The long-awaited Regulation on strong customer authentication (SCA) has finally been agreed at Commission level and published (see Commission press release).
The Delegated Regulation (full text) sets rules on how account servicing payment service providers (ASPSPs – who are mainly banks) must ensure the security of customer data which is released to third-party providers (TPPs) under the PSD2. It also aims to improve competition in the market.
The text has adopted a compromise position on the difficult issue of screen-scraping. This will be preserved as a ‘fall-back’ but national authorities will be able to exempt banks from maintaining the fall-back interface as long as performance criteria for a dedicated TPP interface are met.
The European Parliament and Council still have 3 months to examine the text before final approval and publication in the Official Journal. It will then become final.
- The RTS will apply from Sept 2019.
- Banks will have to either adapt their existing customer interfaces to comply with the RTS rules or build a new interface (in the UK, this will be using APIs through Open Banking).
- All interfaces will be subject to a 3-month 'prototype' test and a 3-month 'live' test in market conditions. The test will allow market players to assess the quality of the interfaces.

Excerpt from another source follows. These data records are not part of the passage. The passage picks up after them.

(* Let $k\ge2$ and let $\mathcal C_1$ be the binary code with generator matrix $[I_k\ \tilde G_k]$. Then every erasure pattern with at most $k-1$ erasures allows for parallel easy repair.
   Context: $\tilde G_k$ denotes the $k\times\frac{k(k-1)}{2}$ binary matrix whose columns are all vectors of $\mathbb F_2^k$ of Hamming weight $2$; $\mathcal C_1$ has length $n=\frac{k(k+1)}{2}$ and minimum distance $k$. Let $g_1,\dots,g_n$ be the columns of $[I_k\ \tilde G_k]$; nodes are the coordinates $c_1,\dots,c_n$ of codewords $c=u[I_k\ \tilde G_k]$. An erasure pattern is a set of erased nodes; the others are live. A node $c_i$ is related to distinct nodes $c_{j_1},\dots,c_{j_\gamma}$ (all different from $c_i$) if $g_i=g_{j_1}+\dots+g_{j_\gamma}$. An erased node allows for easy repair if it is related to $\gamma\le 2$ live nodes. An erasure pattern allows for parallel easy repair if each erased node allows for easy repair with respect to the original set of live nodes. *)

theory Defs
  imports Main "HOL-Library.Z2"
begin

text \<open>Vectors of F_2^k are modelled as functions nat => bit (only coordinates 0..k-1 are used).\<close>

definition unitv :: "nat \<Rightarrow> nat \<Rightarrow> bit" where
  "unitv a = (\<lambda>t. if t = a then 1 else 0)"

definition pairv :: "nat \<Rightarrow> nat \<Rightarrow> nat \<Rightarrow> bit" where
  "pairv a b = (\<lambda>t. if t = a \<or> t = b then 1 else 0)"

definition id_cols :: "nat \<Rightarrow> (nat \<Rightarrow> bit) list" where
  "id_cols k = map unitv [0..<k]"

text \<open>Columns of tilde G_k: all weight-2 vectors of F_2^k, each exactly once (a < b < k).\<close>
definition Gtilde_cols :: "nat \<Rightarrow> (nat \<Rightarrow> bit) list" where
  "Gtilde_cols k = concat (map (\<lambda>b. map (\<lambda>a. pairv a b) [0..<b]) [0..<k])"

text \<open>Columns g_1, ..., g_n of the generator matrix [I_k tilde G_k] (0-indexed).\<close>
definition gen_cols :: "nat \<Rightarrow> (nat \<Rightarrow> bit) list" where
  "gen_cols k = id_cols k @ Gtilde_cols k"

definition code_len :: "nat \<Rightarrow> nat" where
  "code_len k = length (gen_cols k)"

definition g :: "nat \<Rightarrow> nat \<Rightarrow> nat \<Rightarrow> bit" where
  "g k i = gen_cols k ! i"

definition related :: "nat \<Rightarrow> nat \<Rightarrow> nat set \<Rightarrow> bool" where
  "related k i J \<longleftrightarrow> i < code_len k \<and> J \<subseteq> {..<code_len k} \<and> J \<noteq> {} \<and> i \<notin> J \<and>
     g k i = (\<lambda>t. \<Sum>j\<in>J. g k j t)"

definition live :: "nat \<Rightarrow> nat set \<Rightarrow> nat set" where
  "live k E = {..<code_len k} - E"

definition easy_repair :: "nat \<Rightarrow> nat set \<Rightarrow> nat \<Rightarrow> bool" where
  "easy_repair k E i \<longleftrightarrow> (\<exists>J. related k i J \<and> card J \<le> 2 \<and> J \<subseteq> live k E)"

definition parallel_easy_repair :: "nat \<Rightarrow> nat set \<Rightarrow> bool" where
  "parallel_easy_repair k E \<longleftrightarrow> (\<forall>i\<in>E. easy_repair k E i)"

end

theory Submission
  imports Defs
begin

text \<open>Each column v of [I_k \<tilde>G_k] is a sum of two other columns in k - 1 ways whose
  pairs of summands are pairwise disjoint: e_a = e_c + (e_a + e_c) for c \<noteq> a, and
  e_a + e_b as the sum of e_a and e_b or as (e_a + e_c) + (e_b + e_c) for c \<notin> {a, b}.
  The at most k - 2 other erased nodes cannot meet all these pairs, so some pair is live.\<close>

lemma unitv_eq_iff [simp]: "unitv a = unitv c \<longleftrightarrow> a = c"
  by (metis unitv_def one_neq_zero)

lemma unitv_neq_pairv [simp]:
  "a \<noteq> b \<Longrightarrow> unitv c \<noteq> pairv a b"
  "a \<noteq> b \<Longrightarrow> pairv a b \<noteq> unitv c"
  by (metis pairv_def unitv_def one_neq_zero)+

lemma pairv_eq_iff [simp]:
  "a \<noteq> b \<Longrightarrow> c \<noteq> d \<Longrightarrow> pairv a b = pairv c d \<longleftrightarrow> (a = c \<and> b = d \<or> a = d \<and> b = c)"
  unfolding pairv_def fun_eq_iff by (metis one_neq_zero)

lemma pairv_commute: "pairv a b = pairv b a"
  unfolding pairv_def by auto

lemma set_gen_cols:
  "set (gen_cols k) = {unitv a | a. a < k} \<union> {pairv a b | a b. a < b \<and> b < k}"
  unfolding gen_cols_def id_cols_def Gtilde_cols_def by auto

lemma unitv_in_gen_cols: "a < k \<Longrightarrow> unitv a \<in> set (gen_cols k)"
  by (auto simp: set_gen_cols)

lemma pairv_in_gen_cols: "a \<noteq> b \<Longrightarrow> a < k \<Longrightarrow> b < k \<Longrightarrow> pairv a b \<in> set (gen_cols k)"
  by (cases a b rule: linorder_cases) (auto simp: set_gen_cols intro: exI[of _ b] pairv_commute)

lemma unitv_eq_add: "c \<noteq> a \<Longrightarrow> unitv a t = unitv c t + pairv a c t"
  by (simp add: unitv_def pairv_def)

lemma pairv_eq_add_unitv: "a \<noteq> b \<Longrightarrow> pairv a b t = unitv a t + unitv b t"
  by (simp add: unitv_def pairv_def)

lemma pairv_eq_add_pairv:
  "a \<noteq> b \<Longrightarrow> c \<noteq> a \<Longrightarrow> c \<noteq> b \<Longrightarrow> pairv a b t = pairv a c t + pairv b c t"
  by (simp add: pairv_def)

lemma unitv_split_avoiding:
  assumes "a < k" "finite F" "card F < k - 1"
  obtains c where "c < k" "c \<noteq> a" "unitv c \<notin> F" "pairv a c \<notin> F"
proof -
  have "\<exists>c \<in> {..<k} - {a}. unitv c \<notin> F \<and> pairv a c \<notin> F"
  proof (rule ccontr)
    assume "\<not> ?thesis"
    then have "card ({..<k} - {a}) \<le> card F"
      by (intro card_le_if_inj_on_rel[where r = "\<lambda>c x. x \<in> {unitv c, pairv a c}"])
        (use \<open>finite F\<close> in auto)
    with assms show False by simp
  qed
  with that show thesis by blast
qed

lemma pairv_split_avoiding:
  assumes "a < b" "b < k" "finite F" "card F < k - 1"
  shows "unitv a \<notin> F \<and> unitv b \<notin> F \<or>
    (\<exists>c < k. c \<noteq> a \<and> c \<noteq> b \<and> pairv a c \<notin> F \<and> pairv b c \<notin> F)"
proof -
  define S where "S c = (if c = a then {unitv a, unitv b} else {pairv a c, pairv b c})" for c
  have "\<exists>c \<in> {..<k} - {b}. S c \<inter> F = {}"
  proof (rule ccontr)
    assume "\<not> ?thesis"
    then have "card ({..<k} - {b}) \<le> card F"
      by (intro card_le_if_inj_on_rel[where r = "\<lambda>c x. x \<in> S c"])
        (use \<open>finite F\<close> \<open>a < b\<close> in \<open>auto simp: S_def split: if_splits\<close>)
    with assms show False by simp
  qed
  then show ?thesis
    by (metis (no_types, lifting) S_def Diff_iff disjoint_iff insert_iff lessThan_iff singletonI)
qed

lemma gen_col_split_avoiding:
  assumes "v \<in> set (gen_cols k)" "finite F" "card F < k - 1"
  obtains u w where "u \<in> set (gen_cols k)" "w \<in> set (gen_cols k)" "u \<noteq> w"
    "u \<notin> insert v F" "w \<notin> insert v F" "\<And>t. v t = u t + w t"
proof -
  from assms(1) consider (unit) a where "a < k" "v = unitv a"
    | (pair) a b where "a < b" "b < k" "v = pairv a b"
    by (auto simp: set_gen_cols)
  then show thesis
  proof cases
    case unit
    then obtain c where "c < k" "c \<noteq> a" "unitv c \<notin> F" "pairv a c \<notin> F"
      using unitv_split_avoiding assms(2,3) by blast
    with unit show thesis
      using unitv_eq_add[of c a]
      by (intro that[of "unitv c" "pairv a c"]) (auto simp: unitv_in_gen_cols pairv_in_gen_cols)
  next
    case pair
    then consider "unitv a \<notin> F" "unitv b \<notin> F"
      | c where "c < k" "c \<noteq> a" "c \<noteq> b" "pairv a c \<notin> F" "pairv b c \<notin> F"
      using pairv_split_avoiding assms(2,3) by blast
    then show thesis
    proof cases
      case 1
      with pair show thesis
        using pairv_eq_add_unitv[of a b]
        by (intro that[of "unitv a" "unitv b"]) (auto simp: unitv_in_gen_cols)
    next
      case (2 c)
      with pair show thesis
        using pairv_eq_add_pairv[of a b c]
        by (intro that[of "pairv a c" "pairv b c"]) (auto simp: pairv_in_gen_cols)
    qed
  qed
qed

lemma nth_index_of_gen_col:
  assumes "u \<in> set (gen_cols k)"
  obtains j where "j < code_len k" "g k j = u"
  using assms by (metis in_set_conv_nth g_def code_len_def)

lemma easy_repair_if_live_split:
  assumes "i \<in> E" "i < code_len k"
    and "u \<in> set (gen_cols k)" "w \<in> set (gen_cols k)" "u \<noteq> w"
    and "u \<notin> g k ` E" "w \<notin> g k ` E" "\<And>t. g k i t = u t + w t"
  shows "easy_repair k E i"
proof -
  obtain ju jw where ju: "ju < code_len k" "g k ju = u" and jw: "jw < code_len k" "g k jw = w"
    using assms(3,4) nth_index_of_gen_col by metis
  then have "ju \<noteq> jw" "ju \<notin> E" "jw \<notin> E"
    using assms(5-7) by auto
  with ju jw assms(1,2,8) have "related k i {ju, jw}" "{ju, jw} \<subseteq> live k E"
    by (auto simp: related_def live_def)
  then show ?thesis
    unfolding easy_repair_def using \<open>ju \<noteq> jw\<close> by (intro exI[of _ "{ju, jw}"]) simp
qed

theorem theorem4p2:
  fixes k :: nat and E :: "nat set"
  assumes "k \<ge> 2"
    and "E \<subseteq> {..<code_len k}"
    and "card E \<le> k - 1"
  shows "parallel_easy_repair k E"
  unfolding parallel_easy_repair_def
proof
  fix i assume "i \<in> E"
  then have i: "i < code_len k" using assms(2) by blast
  have "finite E" using assms(2) finite_subset by blast
  let ?F = "g k ` (E - {i})"
  have "card ?F < k - 1"
    using card_image_le[of "E - {i}" "g k"] \<open>finite E\<close> \<open>i \<in> E\<close> assms(1,3) by simp
  moreover have "g k i \<in> set (gen_cols k)" using i by (simp add: g_def code_len_def)
  moreover have "insert (g k i) ?F = g k ` E" using \<open>i \<in> E\<close> by blast
  ultimately obtain u w where "u \<in> set (gen_cols k)" "w \<in> set (gen_cols k)" "u \<noteq> w"
    "u \<notin> g k ` E" "w \<notin> g k ` E" "\<And>t. g k i t = u t + w t"
    using gen_col_split_avoiding[of "g k i" k ?F] \<open>finite E\<close> by (metis finite_Diff finite_imageI)
  with \<open>i \<in> E\<close> i show "easy_repair k E i" by (rule easy_repair_if_live_split)
qed

end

- The dedicated interface should offer the same level of availability and performance as the interface used by customers directly.

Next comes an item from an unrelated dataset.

(* Let $Q$ be a quiver with no oriented cycles, $\theta\in\mathbb{Z}^{Q_0}$ a weight with $\nabla(Q,\theta)\ne\emptyset$, and $a\in Q_1$ an arrow such that the quiver $\hat Q$ obtained by contracting $a$ has no oriented cycles. Then for all sufficiently large integers $d$ the arrow $a$ is contractable for the pair $(Q,\theta+d(\varepsilon_{a^+}-\varepsilon_{a^-}))$, where $\varepsilon_v\in\mathbb{Z}^{Q_0}$ is the characteristic function of the vertex $v$.
   Context: A quiver $Q$: vertices $Q_0$, arrows $Q_1$, $a$ from $a^-$ to $a^+$. $\nabla(Q,\theta)=\{x\in\mathbb{R}_{\ge0}^{Q_1}\mid\forall v:\ \theta(v)=\sum_{a^+=v}x(a)-\sum_{a^-=v}x(a)\}$. Contracting a non-loop arrow $a$ of $(Q,\psi)$ gives $(\hat Q,\hat\psi)$: delete $a$, glue $a^-$ and $a^+$ to one vertex $v$, $\hat\psi(v)=\psi(a^-)+\psi(a^+)$, $\hat\psi=\psi$ elsewhere. The arrow $a$ is contractable for $(Q,\psi)$ if $\nabla(Q,\psi)$ and $\nabla(\hat Q,\hat\psi)$ are integral-affinely equivalent: there is an affine isomorphism between their affine spans mapping lattice points of one span (lattices $\mathbb{Z}^{Q_1}$, $\mathbb{Z}^{\hat Q_1}$) onto lattice points of the other and one polyhedron onto the other. *)

theory Defs
  imports "HOL-Analysis.Analysis"
begin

- The dedicated interface will also have to comply with key performance indicators and service level targets These standards should be at least as stringent as those set for the online platforms used by customers.
- The Commission will set up an expert group to review the quality of dedicated communication interfaces.
- National authorities (FCA in the UK) will be able to exempt individual banks from setting up a fall-back mechanism BUT:
- They must consult with EBA
- If the dedicated interface falls below standard for more than two consecutive weeks, the NCA can revoke the exemption. Then the NCA must require the bank to establishes an automated fall-back mechanism in the shortest time possible, and within 2 months at the latest.
Transition period: The PSD2 comes into effect on 13 Jan 2018 and the RTS in Sept 2019. In this period, banks must adapt their systems. The Commission is clear that TPPs will be able to continue to use screen-scraping during this time.